Willie protested that it would be all right, but Margery was firm.

"No, Willie, I did pick half of them, that's all there is about it, and you mustn't pretend I didn't… Oh, oh, I wonder do I look as sick as I feel?"

Willie scanned her colorless face and, under the delusion that sick folk desire to look as nearly well as possible, said: "No, you're looking all right." The expression of indignant protest which his cheerful remark excited showed him his mistake, and he added, rather lamely: "You do look kind of thin, though."

"Thin!" Margery snorted. "Why, Willie Jones, if you were one-half as sick as I am this minute, why, you – you'd be dead long ago! O-oh! My head, and my stummick, and my finger, too! But my finger's not as bad as my head and my stummick. Oh, how I wish that Effie was here!"

"Effie?"

"Yes, Effie. She'd have me well in two minutes."

"I hope you don't think we'll find Effie when we get home."

"Why not?"

"Don't you remember what she said when we started out? Don't you know she said she was going to her brother's house because we called her a hired girl?"

For the moment Margery had forgotten, and now, at this sudden reminder, she was so overcome she had to sit down for a few moments and rest on the curbstone.

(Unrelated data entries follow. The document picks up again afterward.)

(* Let $(X,d,\kappa)$ be a digital metric space where $X$ is finite or $d$ is an $\ell_p$ metric for some $1\le p\le\infty$. Let $T:X\to X$ and $\alpha:X\times X\to[0,\infty)$. Suppose (1) $T$ is $\alpha$-admissible; (2) there exists $x_0\in X$ with $\alpha(x_0,T(x_0))\ge1$; and (3) there exist $\psi,\phi\in\Phi$ such that for all $x,y\in X$, \[\alpha(x,y)\,\psi(d(T(x),T(y)))\le\psi(M(x,y))-\phi(M(x,y)),\] where $M(x,y)=\max\{d(x,y),\ d(x,T(x)),\ d(y,T(y)),\ [d(x,T(y))+d(y,T(x))]/2\}$. Then $T$ has a fixed point. Further, if $u$ and $v$ are fixed points of $T$ with $\alpha(u,v)\ge1$, then $u=v$.
   Context: A digital metric space is a triple $(X,d,\kappa)$ where $X\subset\mathbb{Z}^n$ for some positive integer $n$, $\kappa$ is an adjacency relation on $X$, and $d$ is a metric on $X$. The $\ell_p$ metric on $\mathbb{Z}^n$ is $d(x,y)=(\sum_i|x_i-y_i|^p)^{1/p}$ for $1\le p<\infty$ and $\max_i|x_i-y_i|$ for $p=\infty$. $\Phi$ is the set of functions $\phi:[0,\infty)\to[0,\infty)$ that are increasing, satisfy $\phi(t)=0$ iff $t=0$, and $\phi(t)<t$ for $t>0$. $T$ is $\alpha$-admissible if $\alpha(x,y)\ge1$ implies $\alpha(T(x),T(y))\ge1$. *)

theory Defs
  imports "HOL-Analysis.Analysis"
begin

definition metric_on :: "('a set) \<Rightarrow> ('a \<Rightarrow> 'a \<Rightarrow> real) \<Rightarrow> bool" where
  "metric_on X d \<longleftrightarrow>
     (\<forall>x\<in>X. \<forall>y\<in>X. d x y \<ge> 0 \<and> (d x y = 0 \<longleftrightarrow> x = y) \<and> d x y = d y x) \<and>
     (\<forall>x\<in>X. \<forall>y\<in>X. \<forall>z\<in>X. d x z \<le> d x y + d y z)"

definition adjacency_on :: "('a set) \<Rightarrow> ('a \<Rightarrow> 'a \<Rightarrow> bool) \<Rightarrow> bool" where
  "adjacency_on X \<kappa> \<longleftrightarrow> (\<forall>x y. \<kappa> x y \<longrightarrow> x \<in> X \<and> y \<in> X \<and> x \<noteq> y \<and> \<kappa> y x)"

definition digital_metric_space ::
  "(int ^ 'n) set \<Rightarrow> (int ^ 'n \<Rightarrow> int ^ 'n \<Rightarrow> real) \<Rightarrow> (int ^ 'n \<Rightarrow> int ^ 'n \<Rightarrow> bool) \<Rightarrow> bool" where
  "digital_metric_space X d \<kappa> \<longleftrightarrow> metric_on X d \<and> adjacency_on X \<kappa>"

definition lp_dist :: "real \<Rightarrow> int ^ 'n \<Rightarrow> int ^ 'n \<Rightarrow> real" where
  "lp_dist p x y = (\<Sum>i\<in>UNIV. \<bar>real_of_int (x $ i - y $ i)\<bar> powr p) powr (1 / p)"

definition linf_dist :: "int ^ 'n \<Rightarrow> int ^ 'n \<Rightarrow> real" where
  "linf_dist x y = Max (range (\<lambda>i. \<bar>real_of_int (x $ i - y $ i)\<bar>))"

definition is_lp_metric_on :: "(int ^ 'n) set \<Rightarrow> (int ^ 'n \<Rightarrow> int ^ 'n \<Rightarrow> real) \<Rightarrow> bool" where
  "is_lp_metric_on X d \<longleftrightarrow>
     (\<exists>p::real. 1 \<le> p \<and> (\<forall>x\<in>X. \<forall>y\<in>X. d x y = lp_dist p x y)) \<or>
     (\<forall>x\<in>X. \<forall>y\<in>X. d x y = linf_dist x y)"

text \<open>The class Phi, on [0,infinity); "increasing" read as nondecreasing.\<close>
definition Phi_class :: "(real \<Rightarrow> real) \<Rightarrow> bool" where
  "Phi_class \<phi> \<longleftrightarrow> mono_on {0..} \<phi> \<and> (\<forall>t\<ge>0. \<phi> t \<ge> 0) \<and>
     (\<forall>t\<ge>0. \<phi> t = 0 \<longleftrightarrow> t = 0) \<and> (\<forall>t>0. \<phi> t < t)"

definition alpha_admissible :: "'a set \<Rightarrow> ('a \<Rightarrow> 'a) \<Rightarrow> ('a \<Rightarrow> 'a \<Rightarrow> real) \<Rightarrow> bool" where
  "alpha_admissible X T \<alpha> \<longleftrightarrow> (\<forall>x\<in>X. \<forall>y\<in>X. \<alpha> x y \<ge> 1 \<longrightarrow> \<alpha> (T x) (T y) \<ge> 1)"

definition Mxy :: "('a \<Rightarrow> 'a \<Rightarrow> real) \<Rightarrow> ('a \<Rightarrow> 'a) \<Rightarrow> 'a \<Rightarrow> 'a \<Rightarrow> real" where
  "Mxy d T x y = Max {d x y, d x (T x), d y (T y), (d x (T y) + d y (T x)) / 2}"

end

theory Submission
  imports Defs
begin

text \<open>Along the Picard orbit of a point x0 with \<alpha>(x0, T x0) \<ge> 1, admissibility keeps
  \<alpha> \<ge> 1 between consecutive points, and the contractive condition then forces the consecutive
  distances to decrease strictly as long as no fixed point is met. In a finite space, and for
  an \<ell>_p metric on a subset of Z^n, only finitely many distance values lie below any bound,
  so such a strictly decreasing sequence cannot exist. For fixed points u, v the quantity
  M(u, v) is d(u, v) itself, whence \<alpha>(u, v) \<ge> 1 forces d(u, v) = 0. Neither the adjacency
  relation nor the nonnegativity of \<alpha> plays any role.\<close>

lemma metric_onD:
  assumes "metric_on X d" "x \<in> X" "y \<in> X"
  shows "d x y \<ge> 0" "d x y = 0 \<longleftrightarrow> x = y" "d x y = d y x"
  using assms unfolding metric_on_def by blast+

lemma metric_on_triangle:
  assumes "metric_on X d" "x \<in> X" "y \<in> X" "z \<in> X"
  shows "d x z \<le> d x y + d y z"
  using assms unfolding metric_on_def by blast

definition locally_finite_dist_values :: "'a set \<Rightarrow> ('a \<Rightarrow> 'a \<Rightarrow> real) \<Rightarrow> bool" where
  "locally_finite_dist_values X d \<longleftrightarrow>
     (\<forall>B. finite {d x y | x y. x \<in> X \<and> y \<in> X \<and> d x y \<le> B})"

lemma locally_finite_dist_values_if_finite:
  assumes "finite X"
  shows "locally_finite_dist_values X d"
  unfolding locally_finite_dist_values_def
proof
  fix B :: real
  have "{d x y | x y. x \<in> X \<and> y \<in> X \<and> d x y \<le> B} \<subseteq> case_prod d ` (X \<times> X)"
    by auto
  moreover have "finite (case_prod d ` (X \<times> X))"
    using assms by simp
  ultimately show "finite {d x y | x y. x \<in> X \<and> y \<in> X \<and> d x y \<le> B}"
    by (rule finite_subset)
qed

lemma finite_int_vec_box: "finite {z :: int ^ 'n. \<forall>i. \<bar>z $ i\<bar> \<le> B}"
proof (rule finite_subset)
  show "{z :: int ^ 'n. \<forall>i. \<bar>z $ i\<bar> \<le> B} \<subseteq> vec_lambda ` PiE UNIV (\<lambda>_. {-B..B})"
  proof
    fix z :: "int ^ 'n"
    assume "z \<in> {z. \<forall>i. \<bar>z $ i\<bar> \<le> B}"
    then have "vec_nth z \<in> PiE UNIV (\<lambda>_. {-B..B})"
      by (auto simp: abs_le_iff) (metis minus_le_iff)
    then show "z \<in> vec_lambda ` PiE UNIV (\<lambda>_. {-B..B})"
      by (metis image_eqI vec_nth_inverse)
  qed
qed (intro finite_imageI finite_PiE; simp)

lemma locally_finite_dist_values_if_norm_dominates_coords:
  fixes X :: "(int ^ 'n) set" and N :: "int ^ 'n \<Rightarrow> real"
  assumes dist_eq: "\<forall>x\<in>X. \<forall>y\<in>X. d x y = N (x - y)"
    and coord_le: "\<And>z i. \<bar>real_of_int (z $ i)\<bar> \<le> N z"
  shows "locally_finite_dist_values X d"
  unfolding locally_finite_dist_values_def
proof
  fix B :: real
  let ?box = "{z :: int ^ 'n. \<forall>i. \<bar>z $ i\<bar> \<le> \<lceil>B\<rceil>}"
  have "{d x y | x y. x \<in> X \<and> y \<in> X \<and> d x y \<le> B} \<subseteq> N ` ?box"
  proof clarify
    fix x y
    assume "x \<in> X" "y \<in> X" "d x y \<le> B"
    have "\<bar>(x - y) $ i\<bar> \<le> \<lceil>B\<rceil>" for i
    proof -
      have "real_of_int \<bar>(x - y) $ i\<bar> \<le> B"
        using dist_eq coord_le[of "x - y" i] \<open>x \<in> X\<close> \<open>y \<in> X\<close> \<open>d x y \<le> B\<close> by simp
      then show ?thesis by (simp add: le_ceiling_iff)
    qed
    then have "x - y \<in> ?box" by simp
    then show "d x y \<in> N ` ?box" using dist_eq \<open>x \<in> X\<close> \<open>y \<in> X\<close> by auto
  qed
  then show "finite {d x y | x y. x \<in> X \<and> y \<in> X \<and> d x y \<le> B}"
    using finite_imageI[OF finite_int_vec_box] by (rule finite_subset)
qed

lemma abs_coord_le_lp_dist:
  assumes "p \<ge> 1"
  shows "\<bar>real_of_int (x $ i - y $ i)\<bar> \<le> lp_dist p x y"
proof -
  let ?a = "\<bar>real_of_int (x $ i - y $ i)\<bar>"
  have "?a = (?a powr p) powr (1 / p)"
    using assms by (simp add: powr_powr)
  also have "\<dots> \<le> (\<Sum>j\<in>UNIV. \<bar>real_of_int (x $ j - y $ j)\<bar> powr p) powr (1 / p)"
    using assms by (intro powr_mono2 member_le_sum) auto
  finally show ?thesis unfolding lp_dist_def .
qed

lemma abs_coord_le_linf_dist: "\<bar>real_of_int (x $ i - y $ i)\<bar> \<le> linf_dist x y"
  unfolding linf_dist_def by (rule Max_ge) auto

lemma locally_finite_dist_values_if_lp_metric:
  assumes "is_lp_metric_on X d"
  shows "locally_finite_dist_values X d"
  using assms unfolding is_lp_metric_on_def
proof (elim disjE exE conjE)
  fix p :: real
  assume "1 \<le> p" "\<forall>x\<in>X. \<forall>y\<in>X. d x y = lp_dist p x y"
  then show ?thesis
    using abs_coord_le_lp_dist[of p _ _ 0]
    by (intro locally_finite_dist_values_if_norm_dominates_coords[where N = "\<lambda>z. lp_dist p z 0"])
      (auto simp: lp_dist_def)
next
  assume "\<forall>x\<in>X. \<forall>y\<in>X. d x y = linf_dist x y"
  then show ?thesis
    using abs_coord_le_linf_dist[of _ _ 0]
    by (intro locally_finite_dist_values_if_norm_dominates_coords[where N = "\<lambda>z. linf_dist z 0"])
      (auto simp: linf_dist_def)
qed

locale alpha_psi_phi_contraction =
  fixes X :: "'a set" and d :: "'a \<Rightarrow> 'a \<Rightarrow> real" and T :: "'a \<Rightarrow> 'a"
    and \<alpha> :: "'a \<Rightarrow> 'a \<Rightarrow> real" and \<psi> \<phi> :: "real \<Rightarrow> real"
  assumes metric: "metric_on X d"
    and maps: "\<forall>x\<in>X. T x \<in> X"
    and admissible: "alpha_admissible X T \<alpha>"
    and psi: "Phi_class \<psi>" and phi: "Phi_class \<phi>"
    and contraction: "\<forall>x\<in>X. \<forall>y\<in>X.
      \<alpha> x y * \<psi> (d (T x) (T y)) \<le> \<psi> (Mxy d T x y) - \<phi> (Mxy d T x y)"
begin

lemma image_dist_eq_0_if_Mxy_eq:
  assumes "x \<in> X" "y \<in> X" "\<alpha> x y \<ge> 1" "Mxy d T x y = d (T x) (T y)"
  shows "d (T x) (T y) = 0"
proof (rule ccontr)
  let ?t = "d (T x) (T y)"
  assume "?t \<noteq> 0"
  then have "?t > 0"
    using metric_onD(1)[OF metric, of "T x" "T y"] maps assms(1,2) by auto
  then have "\<psi> ?t \<ge> 0" "\<phi> ?t > 0"
    using psi phi unfolding Phi_class_def by (auto simp: less_eq_real_def)
  then have "\<psi> ?t \<le> \<alpha> x y * \<psi> ?t"
    using assms(3) by (simp add: mult_le_cancel_right1)
  also have "\<dots> \<le> \<psi> ?t - \<phi> ?t"
    using contraction[rule_format, OF assms(1,2)] assms(4) by simp
  finally show False using \<open>\<phi> ?t > 0\<close> by simp
qed

lemma Mxy_orbit_step:
  assumes "x \<in> X"
  shows "Mxy d T x (T x) = max (d x (T x)) (d (T x) (T (T x)))"
proof -
  have X: "T x \<in> X" "T (T x) \<in> X" using assms maps by auto
  have "d x (T (T x)) \<le> d x (T x) + d (T x) (T (T x))"
    using metric_on_triangle[OF metric assms X] .
  moreover have "d (T x) (T x) = 0" using metric_onD(2)[OF metric X(1) X(1)] by simp
  ultimately show ?thesis unfolding Mxy_def by (simp add: max_def)
qed

lemma Mxy_fixed_points:
  assumes "u \<in> X" "v \<in> X" "T u = u" "T v = v"
  shows "Mxy d T u v = d u v"
proof -
  have "d u u = 0" "d v v = 0" "d v u = d u v" "d u v \<ge> 0"
    using assms(1,2) metric_onD[OF metric] by auto
  then show ?thesis using assms(3,4) unfolding Mxy_def by (simp add: max_def)
qed

lemma fixed_point_unique:
  assumes "u \<in> X" "v \<in> X" "T u = u" "T v = v" "\<alpha> u v \<ge> 1"
  shows "u = v"
  using image_dist_eq_0_if_Mxy_eq[OF assms(1,2,5)] Mxy_fixed_points[OF assms(1-4)]
    metric_onD(2)[OF metric assms(1,2)] assms(3,4)
  by simp

lemma orbit_in_carrier: "a \<in> X \<Longrightarrow> (T ^^ n) a \<in> X"
  using maps by (induction n) auto

lemma alpha_orbit_step:
  assumes "a \<in> X" "\<alpha> a (T a) \<ge> 1"
  shows "\<alpha> ((T ^^ n) a) ((T ^^ Suc n) a) \<ge> 1"
proof (induction n)
  case 0
  then show ?case using assms(2) by simp
next
  case (Suc n)
  then show ?case
    using admissible maps orbit_in_carrier[OF assms(1)] unfolding alpha_admissible_def by simp
qed

lemma orbit_step_dist_decreasing:
  assumes "a \<in> X" "\<alpha> a (T a) \<ge> 1" and no_fixed_point: "\<forall>x\<in>X. T x \<noteq> x"
  defines "D \<equiv> \<lambda>n. d ((T ^^ n) a) ((T ^^ Suc n) a)"
  shows "D (Suc n) < D n"
proof (rule ccontr)
  let ?x = "(T ^^ n) a"
  have x: "?x \<in> X" and Tx: "T ?x \<in> X"
    using orbit_in_carrier[OF assms(1)] maps by auto
  have D_pos: "D (Suc n) > 0"
    using metric_onD(1,2)[OF metric Tx] Tx maps no_fixed_point
    unfolding D_def by (metis funpow.simps(2) comp_apply less_eq_real_def)
  assume "\<not> D (Suc n) < D n"
  then have "Mxy d T ?x (T ?x) = d (T ?x) (T (T ?x))"
    using Mxy_orbit_step[OF x] unfolding D_def by simp
  with image_dist_eq_0_if_Mxy_eq[OF x Tx] alpha_orbit_step[OF assms(1,2), of n]
  have "D (Suc n) = 0" unfolding D_def by simp
  with D_pos show False by simp
qed

lemma fixed_point_exists:
  assumes "locally_finite_dist_values X d" "a \<in> X" "\<alpha> a (T a) \<ge> 1"
  shows "\<exists>x\<in>X. T x = x"
proof (rule ccontr)
  assume "\<not> (\<exists>x\<in>X. T x = x)"
  define D where "D n = d ((T ^^ n) a) ((T ^^ Suc n) a)" for n
  have D_Suc_less: "D (Suc n) < D n" for n
    using orbit_step_dist_decreasing[OF assms(2,3)] \<open>\<not> (\<exists>x\<in>X. T x = x)\<close>
    unfolding D_def by blast
  then have "strict_mono (\<lambda>n. - D n)" by (simp add: strict_mono_Suc_iff)
  then have "inj (\<lambda>n. - D n)" by (rule strict_mono_imp_inj_on)
  then have "inj D" by (simp add: inj_def)
  then have "infinite (range D)" by (rule range_inj_infinite)
  moreover have "D n \<le> D 0" for n
    by (induction n) (use D_Suc_less in \<open>auto intro: order.trans less_imp_le\<close>)
  then have "range D \<subseteq> {d x y | x y. x \<in> X \<and> y \<in> X \<and> d x y \<le> D 0}"
    using orbit_in_carrier[OF assms(2)] unfolding D_def by blast
  ultimately show False
    using assms(1) finite_subset unfolding locally_finite_dist_values_def by blast
qed

end

theorem theorem7p8:
  fixes X :: "(int ^ 'n) set"
    and d :: "int ^ 'n \<Rightarrow> int ^ 'n \<Rightarrow> real"
    and \<kappa> :: "int ^ 'n \<Rightarrow> int ^ 'n \<Rightarrow> bool"
    and T :: "int ^ 'n \<Rightarrow> int ^ 'n"
    and \<alpha> :: "int ^ 'n \<Rightarrow> int ^ 'n \<Rightarrow> real"
    and \<psi> \<phi> :: "real \<Rightarrow> real"
  assumes dms: "digital_metric_space X d \<kappa>"
    and fin_or_lp: "finite X \<or> is_lp_metric_on X d"
    and T_maps: "\<forall>x\<in>X. T x \<in> X"
    and alpha_nonneg: "\<forall>x\<in>X. \<forall>y\<in>X. \<alpha> x y \<ge> 0"
    and adm: "alpha_admissible X T \<alpha>"
    and x0: "\<exists>x0\<in>X. \<alpha> x0 (T x0) \<ge> 1"
    and psi: "Phi_class \<psi>" and phi: "Phi_class \<phi>"
    and contr: "\<forall>x\<in>X. \<forall>y\<in>X.
        \<alpha> x y * \<psi> (d (T x) (T y)) \<le> \<psi> (Mxy d T x y) - \<phi> (Mxy d T x y)"
  shows "(\<exists>x\<in>X. T x = x) \<and>
         (\<forall>u\<in>X. \<forall>v\<in>X. T u = u \<longrightarrow> T v = v \<longrightarrow> \<alpha> u v \<ge> 1 \<longrightarrow> u = v)"
proof -
  interpret alpha_psi_phi_contraction X d T \<alpha> \<psi> \<phi>
    using dms T_maps adm psi phi contr
    by unfold_locales (auto simp: digital_metric_space_def)
  have "locally_finite_dist_values X d"
    using fin_or_lp locally_finite_dist_values_if_finite locally_finite_dist_values_if_lp_metric
    by blast
  then show ?thesis
    using x0 fixed_point_exists fixed_point_unique by blast
qed

end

"Oh," she groaned, "you don't think she really meant it, do you, Willie? What'll I do if she's not there? There's no one else knows how to make me thr'up like Effie! She always does it for me. Why, I'll just die, I know I will, if she's not there!"

"I'm sorry, Margery, but even if she is there, I don't think she'll do anything for you this time. She's pretty mad at both of us."

"Willie Jones," Margery said, with sudden determination, "you've got to do something. You've just got to!"